Re: TI84 plus really that clumsy?? Message #10 Posted by Kiyoshi Akima on 6 Sept 2006, 7:03 p.m., in response to message #9 by Gerry Schultz
Quote:
What is confusing me is that when I use the x^2 command, there are no parentheses in the display to clarify what will happen first. For instance, in ALG mode, push x^2 and you get "SQ()", enter -2 and you get 4. If I write that down on a piece of paper, it would be -2^2 which is -4, not 4.
I beg to differ. If I put the -2 inside the parenthesis as "SQ(-2)", I would write that down as (-2)^2, which is 4.
Quote:
Perhaps the 49g+ is getting around this by using the syntax "SQ()" which would be evaluated as the square of the argument and that will always be positive. If you do -2 y^x 2, the display is -2^2 and you get -4. This means that there are situations where the functions x^2 and y^x give different answers.

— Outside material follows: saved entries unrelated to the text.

lemma pmf_vec_add_indep_vars:
  fixes Y :: "'i \<Rightarrow> 'a \<Rightarrow> 'b::{finite,comm_ring_1}"
  assumes ind: "indep_vars (\<lambda>_. count_space UNIV) Y I" and ij: "i \<in> I" "j \<in> I" "i \<noteq> j"
  shows "pmf_vec (\<lambda>\<omega>. Y i \<omega> + Y j \<omega>) = pmf_conv (pmf_vec (Y i)) (pmf_vec (Y j))"
proof
  fix x
  define E where "E d = {\<omega> \<in> space M. \<forall>l\<in>{i, j}. Y l \<omega> = (if l = i then d else x - d)}" for d
  have "{\<omega> \<in> space M. Y i \<omega> + Y j \<omega> = x} = (\<Union>d. E d)"
    using ij(3) by (auto simp: E_def eq_diff_eq add.commute)
  moreover have "E d \<in> events" for d
  proof -
    have "random_variable (count_space UNIV) (Y l)" if "l \<in> I" for l
      using ind that by (simp add: indep_vars_def)
    with ij show ?thesis
      by (auto simp: E_def)
  qed
  ultimately have "pmf_vec (\<lambda>\<omega>. Y i \<omega> + Y j \<omega>) x = (\<Sum>d\<in>UNIV. prob (E d))"
    unfolding pmf_vec_def
    by (auto intro!: finite_measure_finite_Union simp: disjoint_family_on_def E_def)
  also have "\<dots> = (\<Sum>d\<in>UNIV. pmf_vec (Y i) d * pmf_vec (Y j) (x - d))"
  proof (rule sum.cong[OF refl])
    fix d
    have "prob (E d) = (\<Prod>l\<in>{i, j}. pmf_vec (Y l) (if l = i then d else x - d))"
      unfolding E_def using ij by (intro pmf_vec_prod_indep_vars[OF ind]) auto
    with ij(3) show "prob (E d) = pmf_vec (Y i) d * pmf_vec (Y j) (x - d)"
      by simp
  qed
  finally show "pmf_vec (\<lambda>\<omega>. Y i \<omega> + Y j \<omega>) x = pmf_conv (pmf_vec (Y i)) (pmf_vec (Y j)) x"
    by (simp add: pmf_conv_def)
qed

lemma pmf_vec_scale:
  fixes X :: "'a \<Rightarrow> 'b::{finite,comm_ring_1}"
  assumes X: "random_variable (count_space UNIV) X"
  shows "pmf_vec (\<lambda>\<omega>. h * X \<omega>) = pmf_perm h (pmf_vec X)"
proof
  fix y
  have "prob {\<omega> \<in> space M. h * X \<omega> = y} = (\<Sum>u \<in> {u \<in> UNIV. h * u = y}. prob {\<omega> \<in> space M. X \<omega> = u})"
    using X by (intro prob_eq_sum_fibres) auto
  then show "pmf_vec (\<lambda>\<omega>. h * X \<omega>) y = pmf_perm h (pmf_vec X) y"
    by (simp add: pmf_vec_def pmf_perm_def)
qed

lemma pmf_vec_linear_comb_foldl:
  fixes Y :: "nat \<Rightarrow> 'a \<Rightarrow> 'b::{finite,comm_ring_1}" and h :: "nat \<Rightarrow> 'b"
  assumes ind: "indep_vars (\<lambda>_. count_space UNIV) Y {0..n}"
  shows "m \<le> n \<Longrightarrow> pmf_vec (\<lambda>\<omega>. Y 0 \<omega> + (\<Sum>j = 1..m. h j * Y j \<omega>)) =
    foldl pmf_conv (pmf_vec (Y 0)) (map (\<lambda>j. pmf_perm (h j) (pmf_vec (Y j))) [1..<Suc m])"
proof (induction m)
  case (Suc m)
  define W where "W = (\<lambda>\<omega>. Y 0 \<omega> + (\<Sum>j = 1..m. h j * Y j \<omega>))"
  define Z where "Z l = (if l = 0 then W else (\<lambda>\<omega>. h (Suc m) * Y (Suc m) \<omega>))" for l :: nat
  define K where "K l = (if l = 0 then {0..m} else {Suc m})" for l :: nat
  define F where "F l g = (if l = 0 then g 0 + (\<Sum>j = 1..m. h j * g j) else h (Suc m) * g (Suc m))"
    for l :: nat and g :: "nat \<Rightarrow> 'b"
  have indF: "indep_vars (\<lambda>_. count_space UNIV) (\<lambda>l \<omega>. F l (restrict (\<lambda>t. Y t \<omega>) (K l))) {0, 1}"
    using Suc.prems by (intro indep_vars_blocks[OF ind]) (auto simp: K_def disjoint_family_on_def)
  have FZ: "(\<lambda>\<omega>. F l (restrict (\<lambda>t. Y t \<omega>) (K l))) = Z l" if "l \<in> {0, 1}" for l
    using that by (auto simp: F_def K_def Z_def W_def intro!: sum.cong)
  have "pmf_vec (\<lambda>\<omega>. Z 0 \<omega> + Z 1 \<omega>) = pmf_conv (pmf_vec (Z 0)) (pmf_vec (Z 1))"
    using iffD1[OF indep_vars_cong[OF refl FZ refl] indF] by (rule pmf_vec_add_indep_vars) auto
  moreover have "random_variable (count_space UNIV) (Y (Suc m))"
    using ind Suc.prems by (simp add: indep_vars_def)
  then have "pmf_vec (Z 1) = pmf_perm (h (Suc m)) (pmf_vec (Y (Suc m)))"
    by (simp add: Z_def pmf_vec_scale)
  moreover have "pmf_vec (Z 0) = foldl pmf_conv (pmf_vec (Y 0)) (map (\<lambda>j. pmf_perm (h j) (pmf_vec (Y j))) [1..<Suc m])"
    using Suc by (simp only: Z_def W_def if_True) simp
  moreover have "(\<lambda>\<omega>. Z 0 \<omega> + Z 1 \<omega>) = (\<lambda>\<omega>. Y 0 \<omega> + (\<Sum>j = 1..Suc m. h j * Y j \<omega>))"
    by (simp add: Z_def W_def add.assoc)
  ultimately show ?case
    by simp
qed simp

Precedence of operators. ^ has higher precedence than -, just as * has higher precedence than +.
In this case, x^2 and y^x are giving different answers because they are given different arguments (actually, the answers are the same, one of them has an additional operator applied after). -2 y^x 2 displays as -2^2 and is interpreted as -(2^2). You don't see the parens but they are there. If you enter (-2) y^x 2, it displays as (-2)^2 and gives 4.
Quote:
I think my confusion boils down to this. I always considered the calculator function x^2 and specialized version of the calculator function y^x. What's being said here is that this is not true and here is an example where the two functions evaluate to different answers. That twists my brain but am I correct?
x^2 is indeed a specialized version of y^x. It's the location of the - that's making the difference. Is it negating the 2 before the squaring or is it negating the result of the squaring? In one case you're negating 2 to get -2, then squaring -2 and getting 4. In the other case you're squaring 2 to get 4, then negating the 4 and getting -4.
Try evaluating '-3!'. Is that the factorial of -3 or the negative of the factorial of 3? In other symbols, is it -(3!) or (-3)! ? The same principles apply.
Hope that didn't muddy the waters even more.
|